### Work item
Return every line of the listing below, unchanged, from its first line to the line holding "datatype pgame = Game", that line included.

□ □ □ □ □

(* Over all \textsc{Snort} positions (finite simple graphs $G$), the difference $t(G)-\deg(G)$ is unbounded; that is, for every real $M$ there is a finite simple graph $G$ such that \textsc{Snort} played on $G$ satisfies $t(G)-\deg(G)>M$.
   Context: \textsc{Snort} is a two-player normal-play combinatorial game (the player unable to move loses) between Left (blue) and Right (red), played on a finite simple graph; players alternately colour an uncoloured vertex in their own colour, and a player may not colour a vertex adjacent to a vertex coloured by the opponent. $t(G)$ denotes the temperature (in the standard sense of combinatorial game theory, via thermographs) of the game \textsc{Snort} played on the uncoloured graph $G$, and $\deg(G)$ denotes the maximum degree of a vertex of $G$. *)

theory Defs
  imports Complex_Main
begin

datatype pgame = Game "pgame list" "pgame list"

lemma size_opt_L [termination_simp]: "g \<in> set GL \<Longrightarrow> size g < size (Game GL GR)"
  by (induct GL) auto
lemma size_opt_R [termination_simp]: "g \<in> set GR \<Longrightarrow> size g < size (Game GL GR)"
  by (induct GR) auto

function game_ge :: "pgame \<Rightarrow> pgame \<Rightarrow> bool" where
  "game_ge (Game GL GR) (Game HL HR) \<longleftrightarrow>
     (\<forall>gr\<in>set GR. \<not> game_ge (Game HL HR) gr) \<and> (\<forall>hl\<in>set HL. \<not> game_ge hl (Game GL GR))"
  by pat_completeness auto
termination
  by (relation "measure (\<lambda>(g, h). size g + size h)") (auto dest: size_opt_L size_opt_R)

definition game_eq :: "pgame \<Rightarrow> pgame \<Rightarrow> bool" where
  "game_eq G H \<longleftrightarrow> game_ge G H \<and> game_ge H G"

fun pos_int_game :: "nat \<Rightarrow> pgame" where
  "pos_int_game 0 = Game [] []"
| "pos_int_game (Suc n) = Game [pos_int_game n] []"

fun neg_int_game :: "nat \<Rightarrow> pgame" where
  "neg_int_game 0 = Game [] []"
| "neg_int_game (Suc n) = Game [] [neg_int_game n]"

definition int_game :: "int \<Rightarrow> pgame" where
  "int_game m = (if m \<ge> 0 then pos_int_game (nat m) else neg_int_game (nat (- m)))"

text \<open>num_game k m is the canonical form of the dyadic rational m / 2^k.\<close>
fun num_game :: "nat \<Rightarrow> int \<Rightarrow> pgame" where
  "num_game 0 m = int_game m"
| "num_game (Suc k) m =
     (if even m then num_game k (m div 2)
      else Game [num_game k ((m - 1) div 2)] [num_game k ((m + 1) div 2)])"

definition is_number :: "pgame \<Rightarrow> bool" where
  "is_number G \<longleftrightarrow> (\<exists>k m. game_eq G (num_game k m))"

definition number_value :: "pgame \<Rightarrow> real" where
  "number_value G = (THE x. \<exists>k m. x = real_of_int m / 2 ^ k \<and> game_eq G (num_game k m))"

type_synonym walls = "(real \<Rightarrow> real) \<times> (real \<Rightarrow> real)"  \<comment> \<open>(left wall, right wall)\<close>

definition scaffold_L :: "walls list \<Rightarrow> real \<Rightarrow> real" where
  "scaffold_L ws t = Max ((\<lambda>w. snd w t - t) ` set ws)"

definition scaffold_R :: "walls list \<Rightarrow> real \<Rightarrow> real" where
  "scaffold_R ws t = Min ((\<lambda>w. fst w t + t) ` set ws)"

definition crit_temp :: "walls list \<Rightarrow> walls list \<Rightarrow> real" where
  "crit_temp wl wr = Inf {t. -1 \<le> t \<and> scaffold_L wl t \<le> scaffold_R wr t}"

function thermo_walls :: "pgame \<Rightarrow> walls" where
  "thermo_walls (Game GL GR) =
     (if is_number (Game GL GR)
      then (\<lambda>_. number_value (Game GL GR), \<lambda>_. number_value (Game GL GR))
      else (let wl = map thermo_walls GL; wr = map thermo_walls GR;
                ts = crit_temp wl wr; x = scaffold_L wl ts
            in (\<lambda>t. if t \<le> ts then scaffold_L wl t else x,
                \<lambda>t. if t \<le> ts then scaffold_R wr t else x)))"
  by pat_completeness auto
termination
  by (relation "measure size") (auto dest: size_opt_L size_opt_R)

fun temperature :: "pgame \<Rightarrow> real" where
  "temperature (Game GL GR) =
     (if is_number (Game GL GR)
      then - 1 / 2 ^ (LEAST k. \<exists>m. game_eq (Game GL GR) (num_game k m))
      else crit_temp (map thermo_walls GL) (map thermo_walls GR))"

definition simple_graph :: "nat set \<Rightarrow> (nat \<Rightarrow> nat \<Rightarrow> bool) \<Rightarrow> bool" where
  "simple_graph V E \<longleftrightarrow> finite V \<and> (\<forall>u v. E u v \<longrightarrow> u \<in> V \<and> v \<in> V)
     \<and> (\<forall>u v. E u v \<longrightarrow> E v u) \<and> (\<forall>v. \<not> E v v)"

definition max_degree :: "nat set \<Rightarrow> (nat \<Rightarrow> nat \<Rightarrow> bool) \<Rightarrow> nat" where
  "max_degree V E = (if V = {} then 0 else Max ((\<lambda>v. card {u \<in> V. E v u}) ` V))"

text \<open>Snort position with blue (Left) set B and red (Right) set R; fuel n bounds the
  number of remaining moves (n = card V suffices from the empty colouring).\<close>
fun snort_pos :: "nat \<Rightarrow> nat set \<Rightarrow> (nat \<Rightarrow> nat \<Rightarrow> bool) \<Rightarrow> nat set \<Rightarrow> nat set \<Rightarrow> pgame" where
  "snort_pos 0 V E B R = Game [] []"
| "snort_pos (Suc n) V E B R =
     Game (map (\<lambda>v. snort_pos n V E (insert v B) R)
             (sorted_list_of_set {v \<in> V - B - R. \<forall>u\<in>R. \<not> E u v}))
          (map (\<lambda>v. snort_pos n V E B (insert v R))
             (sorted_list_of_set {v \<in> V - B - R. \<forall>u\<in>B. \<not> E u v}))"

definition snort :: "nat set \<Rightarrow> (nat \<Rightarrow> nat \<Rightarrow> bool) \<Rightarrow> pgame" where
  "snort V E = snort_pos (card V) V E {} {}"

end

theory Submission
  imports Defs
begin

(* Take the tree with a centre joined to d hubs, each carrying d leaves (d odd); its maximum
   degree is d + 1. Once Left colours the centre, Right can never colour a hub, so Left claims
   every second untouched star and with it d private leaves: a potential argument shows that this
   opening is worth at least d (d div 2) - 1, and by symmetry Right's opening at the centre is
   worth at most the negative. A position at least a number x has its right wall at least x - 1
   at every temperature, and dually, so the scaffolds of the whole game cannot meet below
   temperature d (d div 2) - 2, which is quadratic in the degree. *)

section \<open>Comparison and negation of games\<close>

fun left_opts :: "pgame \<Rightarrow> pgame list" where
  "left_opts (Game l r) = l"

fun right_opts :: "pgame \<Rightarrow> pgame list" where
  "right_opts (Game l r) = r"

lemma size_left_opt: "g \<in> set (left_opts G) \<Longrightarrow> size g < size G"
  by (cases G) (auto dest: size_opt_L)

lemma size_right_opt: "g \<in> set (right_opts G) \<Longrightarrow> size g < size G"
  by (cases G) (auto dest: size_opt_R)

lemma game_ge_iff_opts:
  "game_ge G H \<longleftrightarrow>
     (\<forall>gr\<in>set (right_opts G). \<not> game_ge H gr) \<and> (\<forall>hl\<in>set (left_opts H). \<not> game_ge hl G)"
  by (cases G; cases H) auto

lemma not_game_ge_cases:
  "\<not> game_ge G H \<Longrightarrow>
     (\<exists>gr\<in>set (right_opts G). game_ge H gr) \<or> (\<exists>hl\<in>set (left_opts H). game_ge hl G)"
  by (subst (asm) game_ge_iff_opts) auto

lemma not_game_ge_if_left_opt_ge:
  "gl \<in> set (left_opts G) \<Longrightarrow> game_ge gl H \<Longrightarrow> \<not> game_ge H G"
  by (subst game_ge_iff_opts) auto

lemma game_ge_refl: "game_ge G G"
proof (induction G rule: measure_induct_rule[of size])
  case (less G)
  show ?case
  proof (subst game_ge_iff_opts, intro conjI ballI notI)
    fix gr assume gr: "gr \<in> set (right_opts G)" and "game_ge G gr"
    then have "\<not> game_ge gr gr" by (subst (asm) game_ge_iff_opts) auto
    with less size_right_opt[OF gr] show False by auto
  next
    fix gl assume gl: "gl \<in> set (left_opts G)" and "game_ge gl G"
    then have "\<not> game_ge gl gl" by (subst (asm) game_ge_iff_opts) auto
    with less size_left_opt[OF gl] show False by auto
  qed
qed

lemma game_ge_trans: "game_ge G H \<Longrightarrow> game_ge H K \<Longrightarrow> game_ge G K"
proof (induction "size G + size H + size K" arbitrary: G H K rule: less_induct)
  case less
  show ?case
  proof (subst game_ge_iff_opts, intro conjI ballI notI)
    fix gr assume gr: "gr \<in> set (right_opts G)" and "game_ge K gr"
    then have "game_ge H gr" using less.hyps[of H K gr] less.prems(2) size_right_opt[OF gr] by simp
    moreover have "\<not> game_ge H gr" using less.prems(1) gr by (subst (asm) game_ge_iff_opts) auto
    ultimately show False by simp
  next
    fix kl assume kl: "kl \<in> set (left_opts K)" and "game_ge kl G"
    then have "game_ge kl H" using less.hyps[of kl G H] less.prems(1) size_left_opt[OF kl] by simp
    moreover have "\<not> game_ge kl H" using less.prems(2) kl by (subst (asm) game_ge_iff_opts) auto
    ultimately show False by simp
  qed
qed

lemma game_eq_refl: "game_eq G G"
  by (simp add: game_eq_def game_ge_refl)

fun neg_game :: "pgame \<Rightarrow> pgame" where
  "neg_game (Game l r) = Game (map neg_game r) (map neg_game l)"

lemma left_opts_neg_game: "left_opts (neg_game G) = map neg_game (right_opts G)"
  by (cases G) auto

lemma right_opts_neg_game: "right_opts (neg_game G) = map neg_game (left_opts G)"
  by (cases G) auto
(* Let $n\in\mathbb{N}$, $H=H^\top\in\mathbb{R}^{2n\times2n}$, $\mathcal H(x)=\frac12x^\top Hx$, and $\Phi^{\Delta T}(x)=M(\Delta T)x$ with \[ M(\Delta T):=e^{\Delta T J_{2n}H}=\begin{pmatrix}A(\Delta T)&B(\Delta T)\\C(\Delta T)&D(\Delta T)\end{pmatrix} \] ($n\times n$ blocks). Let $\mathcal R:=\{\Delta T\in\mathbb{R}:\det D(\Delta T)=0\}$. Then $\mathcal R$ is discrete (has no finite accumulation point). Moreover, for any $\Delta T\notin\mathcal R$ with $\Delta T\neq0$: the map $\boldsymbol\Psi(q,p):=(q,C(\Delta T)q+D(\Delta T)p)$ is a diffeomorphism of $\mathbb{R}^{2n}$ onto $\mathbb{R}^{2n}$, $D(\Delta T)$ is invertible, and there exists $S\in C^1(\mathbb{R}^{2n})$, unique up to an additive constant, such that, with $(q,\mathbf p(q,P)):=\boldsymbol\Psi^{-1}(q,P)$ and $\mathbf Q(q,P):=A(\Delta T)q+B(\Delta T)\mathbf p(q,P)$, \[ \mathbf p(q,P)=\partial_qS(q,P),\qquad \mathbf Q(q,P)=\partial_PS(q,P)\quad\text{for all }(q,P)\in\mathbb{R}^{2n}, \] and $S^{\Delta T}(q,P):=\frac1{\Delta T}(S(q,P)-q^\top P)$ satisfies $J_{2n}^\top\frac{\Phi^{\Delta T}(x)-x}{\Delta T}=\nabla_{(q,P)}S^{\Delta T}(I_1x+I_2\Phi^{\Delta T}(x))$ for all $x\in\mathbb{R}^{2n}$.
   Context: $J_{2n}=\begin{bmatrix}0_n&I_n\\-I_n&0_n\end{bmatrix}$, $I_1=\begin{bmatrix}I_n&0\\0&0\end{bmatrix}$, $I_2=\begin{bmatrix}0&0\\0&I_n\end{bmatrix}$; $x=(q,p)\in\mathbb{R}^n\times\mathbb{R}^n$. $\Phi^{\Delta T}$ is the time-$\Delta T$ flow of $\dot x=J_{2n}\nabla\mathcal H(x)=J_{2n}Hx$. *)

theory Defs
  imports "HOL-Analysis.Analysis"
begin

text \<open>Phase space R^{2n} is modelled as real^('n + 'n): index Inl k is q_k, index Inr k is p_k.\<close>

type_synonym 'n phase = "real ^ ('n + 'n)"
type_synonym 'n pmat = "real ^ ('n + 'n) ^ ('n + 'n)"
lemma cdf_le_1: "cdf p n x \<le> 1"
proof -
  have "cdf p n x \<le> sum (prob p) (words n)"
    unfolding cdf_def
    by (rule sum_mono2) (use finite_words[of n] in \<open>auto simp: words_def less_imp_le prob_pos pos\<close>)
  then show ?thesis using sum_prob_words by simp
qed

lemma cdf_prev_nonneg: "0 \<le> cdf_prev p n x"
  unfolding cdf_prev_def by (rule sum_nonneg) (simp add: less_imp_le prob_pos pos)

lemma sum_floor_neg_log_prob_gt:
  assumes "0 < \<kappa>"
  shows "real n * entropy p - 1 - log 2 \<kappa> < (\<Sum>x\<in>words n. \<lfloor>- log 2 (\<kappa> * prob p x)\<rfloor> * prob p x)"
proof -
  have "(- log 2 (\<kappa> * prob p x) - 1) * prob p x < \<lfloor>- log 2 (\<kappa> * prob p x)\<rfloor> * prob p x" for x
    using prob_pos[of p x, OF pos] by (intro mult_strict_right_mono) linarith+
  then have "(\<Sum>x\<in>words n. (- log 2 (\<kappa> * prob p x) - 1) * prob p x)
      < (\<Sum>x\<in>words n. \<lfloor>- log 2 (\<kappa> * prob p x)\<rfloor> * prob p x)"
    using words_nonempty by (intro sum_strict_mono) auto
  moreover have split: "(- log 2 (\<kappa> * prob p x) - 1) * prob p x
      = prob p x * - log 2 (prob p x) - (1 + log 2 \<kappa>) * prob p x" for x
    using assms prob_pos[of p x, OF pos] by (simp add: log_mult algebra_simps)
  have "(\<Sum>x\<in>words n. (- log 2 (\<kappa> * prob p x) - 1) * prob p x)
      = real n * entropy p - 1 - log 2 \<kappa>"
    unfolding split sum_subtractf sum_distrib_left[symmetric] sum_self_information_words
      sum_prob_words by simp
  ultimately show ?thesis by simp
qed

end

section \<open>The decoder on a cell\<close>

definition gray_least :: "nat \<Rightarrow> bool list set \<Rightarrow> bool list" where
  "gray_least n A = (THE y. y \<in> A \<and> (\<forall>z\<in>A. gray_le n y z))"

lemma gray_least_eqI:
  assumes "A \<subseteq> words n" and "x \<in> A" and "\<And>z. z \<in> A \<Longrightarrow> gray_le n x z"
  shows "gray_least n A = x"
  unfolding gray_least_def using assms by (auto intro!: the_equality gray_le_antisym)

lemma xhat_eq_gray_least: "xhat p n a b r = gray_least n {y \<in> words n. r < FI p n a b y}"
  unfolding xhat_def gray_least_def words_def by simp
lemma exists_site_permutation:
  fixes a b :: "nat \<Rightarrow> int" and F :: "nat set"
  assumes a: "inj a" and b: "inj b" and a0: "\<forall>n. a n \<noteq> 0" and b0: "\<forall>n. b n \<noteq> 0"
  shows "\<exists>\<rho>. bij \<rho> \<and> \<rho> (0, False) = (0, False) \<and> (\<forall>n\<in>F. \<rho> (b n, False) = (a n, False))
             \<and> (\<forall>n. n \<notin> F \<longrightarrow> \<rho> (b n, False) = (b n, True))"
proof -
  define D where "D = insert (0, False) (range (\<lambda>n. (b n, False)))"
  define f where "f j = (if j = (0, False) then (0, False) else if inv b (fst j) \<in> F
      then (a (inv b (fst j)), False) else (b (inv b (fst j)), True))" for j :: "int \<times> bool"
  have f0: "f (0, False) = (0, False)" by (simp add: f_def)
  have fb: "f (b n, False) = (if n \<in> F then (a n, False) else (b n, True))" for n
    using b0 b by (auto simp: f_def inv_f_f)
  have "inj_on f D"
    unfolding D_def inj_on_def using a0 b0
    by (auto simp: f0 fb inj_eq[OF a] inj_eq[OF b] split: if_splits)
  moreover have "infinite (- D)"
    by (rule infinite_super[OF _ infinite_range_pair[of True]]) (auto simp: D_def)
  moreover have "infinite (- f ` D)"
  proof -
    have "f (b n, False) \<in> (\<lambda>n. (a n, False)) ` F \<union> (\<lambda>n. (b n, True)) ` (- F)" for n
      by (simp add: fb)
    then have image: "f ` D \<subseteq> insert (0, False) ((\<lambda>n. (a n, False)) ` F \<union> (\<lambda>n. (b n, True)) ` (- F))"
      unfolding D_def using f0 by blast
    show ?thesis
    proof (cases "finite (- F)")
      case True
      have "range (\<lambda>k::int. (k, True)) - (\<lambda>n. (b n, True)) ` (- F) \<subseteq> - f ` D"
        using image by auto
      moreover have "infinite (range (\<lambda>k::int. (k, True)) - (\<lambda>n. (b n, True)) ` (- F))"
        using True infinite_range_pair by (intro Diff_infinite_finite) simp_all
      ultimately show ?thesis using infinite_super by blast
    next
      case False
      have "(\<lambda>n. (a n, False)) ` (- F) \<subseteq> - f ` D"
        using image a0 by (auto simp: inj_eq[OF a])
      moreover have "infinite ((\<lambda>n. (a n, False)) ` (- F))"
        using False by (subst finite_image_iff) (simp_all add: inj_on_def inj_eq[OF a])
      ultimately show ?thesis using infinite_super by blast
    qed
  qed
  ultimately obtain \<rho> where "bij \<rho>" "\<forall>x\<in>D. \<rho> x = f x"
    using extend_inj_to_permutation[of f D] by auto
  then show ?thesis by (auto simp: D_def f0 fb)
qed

□ □ □ □ □

### Written response
(* Over all \textsc{Snort} positions (finite simple graphs $G$), the difference $t(G)-\deg(G)$ is unbounded; that is, for every real $M$ there is a finite simple graph $G$ such that \textsc{Snort} played on $G$ satisfies $t(G)-\deg(G)>M$.
   Context: \textsc{Snort} is a two-player normal-play combinatorial game (the player unable to move loses) between Left (blue) and Right (red), played on a finite simple graph; players alternately colour an uncoloured vertex in their own colour, and a player may not colour a vertex adjacent to a vertex coloured by the opponent. $t(G)$ denotes the temperature (in the standard sense of combinatorial game theory, via thermographs) of the game \textsc{Snort} played on the uncoloured graph $G$, and $\deg(G)$ denotes the maximum degree of a vertex of $G$. *)

theory Defs
  imports Complex_Main
begin

datatype pgame = Game "pgame list" "pgame list"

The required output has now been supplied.